→ **What you need to do**
Below is a listing; repeat exactly the lines from the one containing "The Hessian of" to the one containing "between \<open>W\<^sup>\<star>\<close> and", both included.

→ **Source information**
(* (FCN) Let $\bm{W}^\star\in\mathbb{R}^{d\times K}$ with $\|\bm{w}_k^\star\|_2\le1$ for all $k$. There is a constant $C_1$ such that for all $\bm{W}\in\mathbb{R}^{d\times K}$ with $\|\bm{W}-\bm{W}^\star\|_{\mathrm F}\le0.7$, $$\|\nabla^2f(\bm{W})-\nabla^2f(\bm{W}^\star)\|\le\frac{C_1}{K^{3/2}}\|\bm{W}-\bm{W}^\star\|_{\mathrm F}.$$ (CNN) Let $\bm{w}^\star\in\mathbb{R}^m$ with $\|\bm{w}^\star\|_2\le1$. There is a constant $C_2$ such that for all $\bm{w}$ with $\|\bm{w}-\bm{w}^\star\|_2\le0.7$, $$\|\nabla^2f(\bm{w})-\nabla^2f(\bm{w}^\star)\|\le C_2K\|\bm{w}-\bm{w}^\star\|_2.$$
   Context: $\phi(x)=1/(1+e^{-x})$. FCN: $H(\bm{W},\bm{x})=\frac1K\sum_{k=1}^K\phi(\bm{w}_k^\top\bm{x})$ for $\bm{W}=[\bm{w}_1,\dots,\bm{w}_K]$. CNN: $d=mK$, $\bm{x}^{(k)}=(x_{m(k-1)+1},\dots,x_{mk})^\top$, $H(\bm{w},\bm{x})=\frac1K\sum_k\phi(\bm{w}^\top\bm{x}^{(k)})$. $(\bm{x},y)$: $\bm{x}\sim\mathcal{N}(\bm{0},\bm{I}_d)$, $y\in\{0,1\}$, $\mathbb{P}(y=1\mid\bm{x})=H(\bm{W}^\star,\bm{x})$ (resp. $H(\bm{w}^\star,\bm{x})$). Loss $\ell(\bm{W};\bm{x},y)=-y\log H(\bm{W},\bm{x})-(1-y)\log(1-H(\bm{W},\bm{x}))$; population risk $f(\bm{W})=\mathbb{E}[\ell(\bm{W};\bm{x},y)]$; Hessians are with respect to $\mathrm{vec}(\bm{W})\in\mathbb{R}^{dK}$ (resp. $\bm{w}$); $\|\cdot\|$ is the spectral norm. *)

theory Defs
  imports "HOL-Probability.Probability"
begin

definition sigmoid :: "real \<Rightarrow> real" where
  "sigmoid t = 1 / (1 + exp (- t))"

definition gauss :: "nat \<Rightarrow> (nat \<Rightarrow> real) measure" where
  "gauss d = PiM {..<d} (\<lambda>_. density lborel std_normal_density)"

definition xent_loss :: "real \<Rightarrow> real \<Rightarrow> real" where
  "xent_loss h y = - y * ln h - (1 - y) * ln (1 - h)"

text \<open>Population risk: x ~ gauss d, y in {0,1} with P(y=1|x) = Hstar x.\<close>
definition pop_risk :: "nat \<Rightarrow> ((nat \<Rightarrow> real) \<Rightarrow> real) \<Rightarrow> ((nat \<Rightarrow> real) \<Rightarrow> real) \<Rightarrow> real" where
  "pop_risk d Hstar H = (\<integral>x. (Hstar x * xent_loss (H x) 1 + (1 - Hstar x) * xent_loss (H x) 0) \<partial>gauss d)"

text \<open>FCN: W (i,k) is the i-th entry of w_k (i < d, k < K).\<close>
definition fcn_H :: "nat \<Rightarrow> nat \<Rightarrow> (nat \<times> nat \<Rightarrow> real) \<Rightarrow> (nat \<Rightarrow> real) \<Rightarrow> real" where
  "fcn_H d K W x = (1 / real K) * (\<Sum>k<K. sigmoid (\<Sum>i<d. W (i, k) * x i))"

definition fcn_risk :: "nat \<Rightarrow> nat \<Rightarrow> (nat \<times> nat \<Rightarrow> real) \<Rightarrow> (nat \<times> nat \<Rightarrow> real) \<Rightarrow> real" where
  "fcn_risk d K Wstar W = pop_risk d (fcn_H d K Wstar) (fcn_H d K W)"

text \<open>CNN: d = m*K, x^(k)_j = x (m*k + j) for j < m, k < K (0-indexed).\<close>
definition cnn_H :: "nat \<Rightarrow> nat \<Rightarrow> (nat \<Rightarrow> real) \<Rightarrow> (nat \<Rightarrow> real) \<Rightarrow> real" where
  "cnn_H m K w x = (1 / real K) * (\<Sum>k<K. sigmoid (\<Sum>j<m. w j * x (m * k + j)))"

definition cnn_risk :: "nat \<Rightarrow> nat \<Rightarrow> (nat \<Rightarrow> real) \<Rightarrow> (nat \<Rightarrow> real) \<Rightarrow> real" where
  "cnn_risk m K wstar w = pop_risk (m * K) (cnn_H m K wstar) (cnn_H m K w)"

definition coord :: "'a \<Rightarrow> 'a \<Rightarrow> real" where
  "coord p = (\<lambda>q. if q = p then 1 else 0)"

definition hessian :: "(('a \<Rightarrow> real) \<Rightarrow> real) \<Rightarrow> ('a \<Rightarrow> real) \<Rightarrow> 'a \<Rightarrow> 'a \<Rightarrow> real" where
  "hessian f W p q =
     deriv (\<lambda>s. deriv (\<lambda>t. f (\<lambda>r. W r + s * coord q r + t * coord p r)) 0) 0"

definition spec_norm :: "'a set \<Rightarrow> ('a \<Rightarrow> 'a \<Rightarrow> real) \<Rightarrow> real" where
  "spec_norm I A = Sup {sqrt (\<Sum>p\<in>I. (\<Sum>q\<in>I. A p q * v q)\<^sup>2) | v. (\<Sum>q\<in>I. (v q)\<^sup>2) = 1}"

end

theory Submission
  imports Defs
begin

text \<open>
  The Hessian of the population risk at \<open>W\<close> is the Gaussian expectation of the second directional
  derivative of \<open>xent a (H W x)\<close>, where \<open>a = H W\<^sup>\<star> x\<close>.  By the mean value theorem, its change
  between \<open>W\<^sup>\<star>\<close> and \<open>W\<close> is bounded by the third directional derivative along \<open>W - W\<^sup>\<star>\<close>.  That
  derivative is a sum of products of derivatives of the sigmoid (bounded), derivatives of the
  cross-entropy in the prediction \<open>h\<close> (bounded by powers of \<open>1/h + 1/(1-h)\<close>, which is at most the
  average over the units of \<open>4 exp |w\<^sub>k \<bullet> x|\<close>) and linear forms \<open>w\<^sub>k \<bullet> x\<close>.  Gaussian linear forms
  have all exponential moments, so each expectation is bounded by a constant times averages over
  the units of products of the norms of their weight vectors.  For the fully connected network the
  units own disjoint blocks of \<open>W\<close>, and Cauchy-Schwarz over the units yields the factor \<open>K\<^sup>-\<^sup>3\<^sup>/\<^sup>2\<close>;
  for the convolutional network all units share the filter and the averages are bounded
  uniformly in \<open>K\<close>.
\<close>

section \<open>Gaussian moments of linear forms\<close>

definition dotp :: "nat \<Rightarrow> (nat \<Rightarrow> real) \<Rightarrow> (nat \<Rightarrow> real) \<Rightarrow> real" where
  "dotp d c x = (\<Sum>i<d. c i * x i)"

definition sq_norm :: "nat \<Rightarrow> (nat \<Rightarrow> real) \<Rightarrow> real" where
  "sq_norm d c = (\<Sum>i<d. (c i)\<^sup>2)"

→ **Answer for this exercise**
  The Hessian of the population risk at \<open>W\<close> is the Gaussian expectation of the second directional
  derivative of \<open>xent a (H W x)\<close>, where \<open>a = H W\<^sup>\<star> x\<close>.  By the mean value theorem, its change
  between \<open>W\<^sup>\<star>\<close> and \<open>W\<close> is bounded by the third directional derivative along \<open>W - W\<^sup>\<star>\<close>.  That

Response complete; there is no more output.